Check each line of the listing below for the string "definition", then give only the number of lines where it occurs.
◆ ◆ ◆
lemma holevo_fun_ge:
  assumes W: "real_pos_def W" and X: "locally_unbiased \<rho> \<theta> X"
  shows "SLD_CR_bound \<rho> \<theta> W + det W / (W$1$1 + W$2$2) * deviation_sq X
      + \<bar>Im (rho_ip r (X 2) (X 1))\<bar> * sqrt (det W) \<le> holevo_fun \<rho> \<theta> W X"
proof -
  define Y where "Y i = X i - D i" for i
  have Y: "hermitian (Y i)" for i
    using hermitian_deviation[OF X] by (simp add: Y_def)
  define y1 y2 m where "y1 = Re (rho_ip r (Y 1) (Y 1))" and "y2 = Re (rho_ip r (Y 2) (Y 2))"
    and "m = Re (rho_ip r (Y 1) (Y 2))"
  have W_sym: "W$1$2 = W$2$1" and "0 < W$1$1" "0 < W$2$2" and "0 < det W"
    using real_pos_def_2[OF W] by auto
  have det_W: "det W = W$1$1 * W$2$2 - W$2$1 * W$2$1"
    using W_sym by (simp add: det_2)
  have "ReM (Zmat r X) $ k $ i = H$i$k + Re (rho_ip r (Y i) (Y k))" for i k
    using Re_rho_ip_locally_unbiased[OF X, of i k] by (simp add: ReM_def Zmat_def rho_ip_def Y_def)
  then have "trace (W ** ReM (Zmat r X)) = trace (W ** H) + (W$1$1 * y1 + 2 * W$2$1 * m + W$2$2 * y2)"
    using SLD_Fisher_inverse_sym[of 1 2] W_sym Re_rho_ip_commute[OF hermitian_rho Y Y, of 1 2]
    by (simp add: trace_mult_2 y1_def y2_def m_def algebra_simps)
  moreover have "det W / (W$1$1 + W$2$2) * (y1 + y2) \<le> W$1$1 * y1 + 2 * W$2$1 * m + W$2$2 * y2"
    unfolding det_W
  proof (rule trace_mult_psd_ge)
    show "0 < W$1$1 * W$2$2 - W$2$1 * W$2$1"
      using \<open>0 < det W\<close> det_W by simp
    show "0 \<le> u * u * y1 + 2 * u * w * m + w * w * y2" for u w
      using Re_rho_ip_self_nonneg[OF density_matrix hermitian_lincomb[OF Y Y, of u 1 w 2]]
        Re_rho_ip_lincomb_self[OF hermitian_rho Y Y, of u 1 w 2]
      by (simp add: y1_def y2_def m_def)
  qed (use \<open>0 < W$1$1\<close> \<open>0 < W$2$2\<close> Re_rho_ip_self_nonneg[OF density_matrix Y] in
      \<open>simp_all add: y2_def\<close>)
  moreover have "\<bar>Im (rho_ip r (X 2) (X 1))\<bar> * sqrt (det W) \<le> TrAbs (W ** ImM (Zmat r X))"
    using TrAbs_mult_antisym_ge[OF W_sym, of "ImM (Zmat r X)"] \<open>0 < det W\<close>
      Im_rho_ip_self[OF hermitian_rho locally_unbiased_hermitian[OF X]]
      Im_rho_ip_commute[OF hermitian_rho locally_unbiased_hermitian[OF X]
        locally_unbiased_hermitian[OF X], of 2 1]
    by (simp add: ImM_def Zmat_def rho_ip_def)
  ultimately show ?thesis
    unfolding holevo_fun_def SLD_CR_bound_def deviation_sq_def y1_def y2_def Y_def by linarith
qed
section \<open>Uniqueness of the Popov form\<close>

lemma popov_row_nonzero:
  assumes "is_popov P" "i < dim_row P"
  shows "row P i \<noteq> 0\<^sub>v (dim_vec (row P i))"
  using assms unfolding is_popov_def by auto

lemma pivot_index_popov_row:
  fixes P :: "'a::field poly mat"
  assumes "is_popov P" "i < dim_row P"
  shows "pivot_index (row P i) = lead_term (row P i) mod dim_col P"
  using lead_term_pivot_entry(5)[OF popov_row_nonzero[OF assms]] by simp

lemma popov_pivots_distinct:
  assumes "is_popov P" "i < dim_row P" "i' < dim_row P" "i \<noteq> i'"
  shows "pivot_index (row P i) \<noteq> pivot_index (row P i')"
  using assms unfolding is_popov_def by (metis less_irrefl nat_neq_iff)

lemma popov_lead_term_divisible:
  fixes P :: "'a::field poly mat"
  assumes P: "is_popov P" and v: "v \<in> row_module P" and nz: "v \<noteq> 0\<^sub>v (dim_col P)"
  obtains i where "i < dim_row P" "lead_term (row P i) mod dim_col P = lead_term v mod dim_col P"
    "lead_term (row P i) \<le> lead_term v"
proof -
  let ?n = "dim_col P" and ?r = "dim_row P"
  obtain c where vc: "v = vec_comb ?n ?r c (row P)" using v unfolding row_module_vec_comb by auto
  have n: "?n > 0" using vec_nonzero_dim_pos[of v] nz dim_vec_row_module[OF v] by simp
  have "\<exists>i<?r. c i \<noteq> 0"
  proof (rule ccontr)
    assume "\<not> ?thesis"
    then have "v = 0\<^sub>v ?n" unfolding vc vec_comb_def by (intro eq_vecI) auto
    with nz show False by simp
  qed
  moreover have "\<forall>i<?r. \<forall>i'<?r. i \<noteq> i' \<longrightarrow> lead_term (row P i) mod ?n \<noteq> lead_term (row P i') mod ?n"
    using popov_pivots_distinct[OF P] pivot_index_popov_row[OF P] by metis
  moreover have "\<forall>i<?r. row P i \<noteq> 0\<^sub>v ?n" using popov_row_nonzero[OF P] by simp
  ultimately obtain i where "i < ?r" "lead_term v = degree (c i) * ?n + lead_term (row P i)"
    using lead_term_vec_comb[OF n, of ?r "row P" c] unfolding vc[symmetric] by auto
  then show ?thesis using that by simp
qed
(* Consider the following heterogeneous treatment effects model. Let $Y$ be a real-valued outcome (with finite mean), $D\in\{0,1\}$ a binary treatment, and $Z\in\{0,1\}$, $W\in\{0,1\}$ two binary instruments. For $z\in\{0,1\}$, let $D_z\in\{0,1\}$ denote the potential treatment when $Z=z$, and for $d,z\in\{0,1\}$ let $Y_{d,z}$ denote the potential outcome when the instrument is $Z=z$ and the treatment is $d$ (potential outcomes are not indexed by $W$). The observed variables $(Y,D,Z,W)$ are generated by $D=D_1Z+D_0(1-Z)$ and $Y=Y_1D+Y_0(1-D)$, where $Y_d=Y_{d,1}Z+Y_{d,0}(1-Z)$. Define the subgroups always takers $\mathrm{AT}=\{D_1=D_0=1\}$, never takers $\mathrm{NT}=\{D_1=D_0=0\}$ and compliers $\mathrm{CP}=\{D_1=1,D_0=0\}$, and for $G\in\{\mathrm{AT},\mathrm{NT},\mathrm{CP}\}$ and $d\in\{0,1\}$ let $\rho_{G,d}=E[Y_{d,1}-Y_{d,0}\mid G]$. Assume: (i) there exist constants $\rho_1,\rho_0$ such that $\rho_{G,d}=\rho_d$ for all $G\in\{\mathrm{AT},\mathrm{NT},\mathrm{CP}\}$ and $d\in\{0,1\}$; (ii) $D_1\geq D_0$; (iii) $(Z,W)$ is independent of $Y_{d,z}$ conditional on $(D_1,D_0)$ for every $d,z\in\{0,1\}$, and $Z$ is independent of $(D_1,D_0)$ conditional on $W$; (iv) $\Pr(D_1>D_0)>0$; (v) $0<\Pr(Z=z,W=w)<1$ for all $z,w\in\{0,1\}$; (vi) for each $G\in\{\mathrm{AT},\mathrm{NT}\}$, $\Pr(G\mid W=1)\Pr(\mathrm{CP}\mid W=0)\neq \Pr(G\mid W=0)\Pr(\mathrm{CP}\mid W=1)$. Then the direct effects $(\rho_1,\rho_0)$ and the local average treatment effect $\mathrm{LATE}=E[Y_1-Y_0\mid \mathrm{CP}]$ are point identified, i.e., they are uniquely determined by the joint distribution of the observed variables $(Y,D,Z,W)$.
   Context: $\Pr(G\mid W=w)$ denotes the probability that $(D_1,D_0)$ belongs to subgroup $G$ conditional on $W=w$. "Point identified" means that any two data-generating structures satisfying all the stated assumptions and inducing the same joint distribution of $(Y,D,Z,W)$ yield the same values of $\rho_1$, $\rho_0$ and $\mathrm{LATE}$. *)

theory Defs
  imports "HOL-Probability.Probability"
begin

text \<open>Conventions. Binary variables are booleans (True = 1, False = 0).
  Dp z is the potential treatment D_z, Yp d z is the potential outcome Y_{d,z}.\<close>

definition cexp :: "'a measure \<Rightarrow> ('a \<Rightarrow> real) \<Rightarrow> 'a set \<Rightarrow> real" where
  "cexp M X A = (\<integral>\<omega>. indicator A \<omega> * X \<omega> \<partial>M) / measure M A"

definition cprob :: "'a measure \<Rightarrow> 'a set \<Rightarrow> 'a set \<Rightarrow> real" where
  "cprob M A B = measure M (A \<inter> B) / measure M B"
(* Let $C$ be a complex scheme of even type and $p$ an odd prime. 1. If $\Lambda^-\not\equiv\Lambda^+\pmod p$, then $\mathfrak Z_{\vec c,p}$ has no edges, and each of its vertices is indexed by a region other than the outer region $R_1$. 2. If $\Lambda^-\equiv\Lambda^+\pmod p$, then: - $\mathfrak Z_{\vec c,p}$ contains $u_1,u_2,u_3$ and the edges $u_1u_2$ and $u_1u_3$; - $\mathfrak Z_{\vec c,p}$ contains $R_1$ and the edge $u_1R_1$ if and only if $\Pi^+_o-\Pi^-_o\equiv1\pmod p$ for every outer oval $o$; - $\mathfrak Z_{\vec c,p}$ contains no other edges, and its only other possible vertices are indexed by regions other than $R_1$.
   Context: A complex scheme $C$ in $\mathbb{R}P^2$ is a finite collection of disjoint smooth simple closed curves, up to isotopy, at most one of which is one-sided. The two-sided components are ovals, and $C$ carries a semi-orientation. $C$ has even type if it has no one-sided component; then an auxiliary oriented one-sided curve $J$ disjoint from the ovals is fixed. Numerical characteristics: - Regions are the components of $\mathbb{R}P^2\setminus(C\cup J)$, and the outer region $R_1$ is the one whose closure meets $J$. Outer ovals are those in the boundary of $R_1$. The parity $\mathrm{par}$ of a region or oval is the parity of the number of ovals crossed to reach $R_1$. - For an oval $o$ bounding a disk $D_o$ and $x\in\mathrm{int}D_o$, one has $[o]=\pm2[J]$ in $H_1(\mathbb{R}P^2\setminus\{x\})$; $o$ is negative if $[o]=2[J]$, positive otherwise, and $\epsilon(o)=\pm1$ accordingly. $\Lambda^\pm$ is the number of positive/negative ovals. - Two ovals form an injective pair if they bound an annulus. The pair is positive if their orientations are the boundary orientation of some orientation of the annulus, and negative otherwise. $\Pi^\pm_o$ is the number of ovals forming a positive/negative injective pair with $o$. $\Gamma=\Gamma(C)$ is the weighted tree with vertices $R$ (weight $2\chi(R)$) for each region, $o$ (weight $0$) for each oval, and $u_1,u_2,u_3$ (weights $1,2,2$). Its edges are $Ro$ for $o\subset\partial R$, and $u_1u_2$, $u_1u_3$, $u_1R_1$. In the even type case its arrows are one arrow at each oval $o$, of sign $(-1)^{\mathrm{par}(o)+1}\epsilon(o)$. $A_\Gamma$ has the weights on the diagonal and $1$ for adjacent vertices, $0$ otherwise. Derived quantities. - $\vec s$ has entry $\pm1$ at the tail of a $\pm$ arrow and $0$ elsewhere; $\vec c=-2\vec sA_\Gamma^{-1}$. - $\Gamma^+$ is obtained by converting arrows into edges and arrowheads into new weight-$0$ vertices, and $\vec c^{\,+}$ extends $\vec c$ by $\pm2$ (the arrow sign) at the new vertices. - $\mathfrak Z_{\vec c,p}$ is the subgraph of $\Gamma$ whose vertices are the $v\in v(\Gamma)$ with $\vec c_v\equiv0\pmod p$ that are not joined by an edge of $\Gamma^+$ to any $w$ with $\vec c^{\,+}_w\not\equiv0\pmod p$; its edges are the edges of $\Gamma$ among these vertices. *)

theory Defs
  imports Complex_Main "HOL-Number_Theory.Cong"
begin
◆ ◆ ◆
■ WRITTEN ANSWER ■
2